Connected cars are an example of this growth of edge computing, but they are just the tip of the iceberg. Consider, for example, Pratt & Whitney’s new Geared Turbofan Engine features an ensemble of 5,000 sensors and generates as much as 36 TB of data per engine-hour.
With an order book of 8,000 of these engines, the aggregate of the Pratt & Whitney engines will process about 2.5 zettabytes of data per year.
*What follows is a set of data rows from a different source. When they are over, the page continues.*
definition VV :: "(real \<times> real \<Rightarrow> complex) \<Rightarrow> complex \<Rightarrow> real \<times> real \<Rightarrow> complex^2^2" where
  "VV p l z = mat2 (-2*\<i>*l^2 + \<i> * abs2 (p z)) (2*\<i>*l*p z - px p z)
                   (2*\<i>*l*cnj (p z) + px (\<lambda>w. cnj (p w)) z) (2*\<i>*l^2 - \<i> * abs2 (p z))"

definition Psi11 :: "(real \<times> real \<Rightarrow> complex) \<Rightarrow> real \<Rightarrow> real \<Rightarrow> real \<Rightarrow> complex \<Rightarrow> real \<times> real \<Rightarrow> complex" where
  "Psi11 p c0 c1 c2 l z = -\<i>*l^3 - \<i>*c2*l^2 + (1/2*\<i>*abs2 (p z) - \<i>*c1)*l
     + 1/4*(p z * px (\<lambda>w. cnj (p w)) z - px p z * cnj (p z)) + 1/2*\<i>*c2*abs2 (p z) - \<i>*c0"

definition Psi12 :: "(real \<times> real \<Rightarrow> complex) \<Rightarrow> real \<Rightarrow> real \<Rightarrow> real \<Rightarrow> complex \<Rightarrow> real \<times> real \<Rightarrow> complex" where
  "Psi12 p c0 c1 c2 l z = \<i>*p z*l^2 + (-1/2*px p z + \<i>*c2*p z)*l - 1/4*\<i>*px (px p) z
     - 1/2*\<i>*p z*abs2 (p z) - 1/2*c2*px p z + \<i>*c1*p z"

definition Psi21 :: "(real \<times> real \<Rightarrow> complex) \<Rightarrow> real \<Rightarrow> real \<Rightarrow> real \<Rightarrow> complex \<Rightarrow> real \<times> real \<Rightarrow> complex" where
  "Psi21 p c0 c1 c2 l z = \<i>*cnj (p z)*l^2 + (1/2*px (\<lambda>w. cnj (p w)) z + \<i>*c2*cnj (p z))*l
     - 1/4*\<i>*px (px (\<lambda>w. cnj (p w))) z - 1/2*\<i>*cnj (p z)*abs2 (p z)
     + 1/2*c2*px (\<lambda>w. cnj (p w)) z + \<i>*c1*cnj (p z)"

definition Psi :: "(real \<times> real \<Rightarrow> complex) \<Rightarrow> real \<Rightarrow> real \<Rightarrow> real \<Rightarrow> complex \<Rightarrow> real \<times> real \<Rightarrow> complex^2^2" where
  "Psi p c0 c1 c2 l z = mat2 (Psi11 p c0 c1 c2 l z) (Psi12 p c0 c1 c2 l z)
                             (Psi21 p c0 c1 c2 l z) (- Psi11 p c0 c1 c2 l z)"

definition two_phase_with :: "(real \<times> real \<Rightarrow> complex) \<Rightarrow> real \<Rightarrow> real \<Rightarrow> real \<Rightarrow> bool" where
  "two_phase_with p c0 c1 c2 \<longleftrightarrow>
     (\<forall>l z. mpx (Psi p c0 c1 c2 l) z = commut (UU p l z) (Psi p c0 c1 c2 l z)
          \<and> mpt (Psi p c0 c1 c2 l) z = commut (VV p l z) (Psi p c0 c1 c2 l z))"

definition RR :: "(real \<times> real \<Rightarrow> complex) \<Rightarrow> real \<Rightarrow> real \<Rightarrow> real \<Rightarrow> complex \<Rightarrow> real \<times> real \<Rightarrow> complex" where
  "RR p c0 c1 c2 l z = - (Psi11 p c0 c1 c2 l z * Psi11 p c0 c1 c2 l z) - Psi12 p c0 c1 c2 l z * Psi21 p c0 c1 c2 l z"

definition esym :: "nat \<Rightarrow> complex list \<Rightarrow> complex" where
  "esym k xs = (\<Sum>S\<in>{S. S \<subseteq> {..<length xs} \<and> card S = k}. \<Prod>i\<in>S. xs ! i)"

definition nu1 :: "(real \<times> real \<Rightarrow> complex) \<Rightarrow> real \<times> real \<Rightarrow> complex" where
  "nu1 p z = abs2 (p z)"

definition nu2 :: "(real \<times> real \<Rightarrow> complex) \<Rightarrow> real \<times> real \<Rightarrow> complex" where
  "nu2 p z = \<i> * (cnj (p z) * px p z - p z * px (\<lambda>w. cnj (p w)) z)"

end

theory Submission
  imports Defs
begin

text \<open>At the given point, Psi12 = i p (l - mu1)(l - mu2), Psi21(l) = - cnj (Psi12 (cnj l)) and
  Psi11 = - i T(l), where T is a monic cubic whose coefficients involve only c0, c1, c2, nu1, nu2.
  Hence R = T^2 + nu1 M with M the quartic whose roots are mu1, mu2, cnj mu1, cnj mu2.
  Comparing coefficients of l^5 and l^4 expresses c2 and c1 through Lambda1, Lambda2; the linear
  coefficient of Psi12 gives Sigma1 = - 2 c2 - nu2/(2 nu1); the l^3 coefficient then fixes c0, and
  the last three coefficients yield Sigma2, Sigma3, Sigma4.\<close>

lemma esym_0 [simp]: "esym 0 xs = 1"
proof -
  have "{S. S \<subseteq> {..<length xs} \<and> card S = 0} = {{}}"
    by (auto dest: finite_subset)
  then show ?thesis by (simp add: esym_def)
qed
By comparison, by the end of 2014, Facebook was generating about 219 PB of data per year. The amount of edge computation represented by connected cars and other connected systems, like engines, will soon eclipse the size of the consumer internet.
While the past decade can rightly be termed the “cloud era” with the rise of Amazon Web Services and other public cloud infrastructures figuring prominently into modern enterprise architectures, the next decade will see the growth of computation and data in the data center – both public cloud and private data centers – dwarfed in comparison to the growth of computation and data generated by and processed on edge devices, including cars.
Connected cars become the platform
In summary, as the car becomes the next consumer platform, the automotive industry will continue to grow to encompass more stakeholders and new business models. The truly disruptive applications will require the aggregation and analysis of connected car data at scale.
And as computation and data processing becomes ubiquitous with an increasing proportion taking place on the car itself, the primary challenge will be to manage the massive volume and velocity of data being generated on the car, to facilitate real-time processing of that data, and to connect the car seamlessly with the data center for offline analysis on the collection of data from entire fleets of vehicles.
It’s no surprise then that, as with smartphones before, data management platforms are placed squarely at the center of value creation in the connected car ecosystem.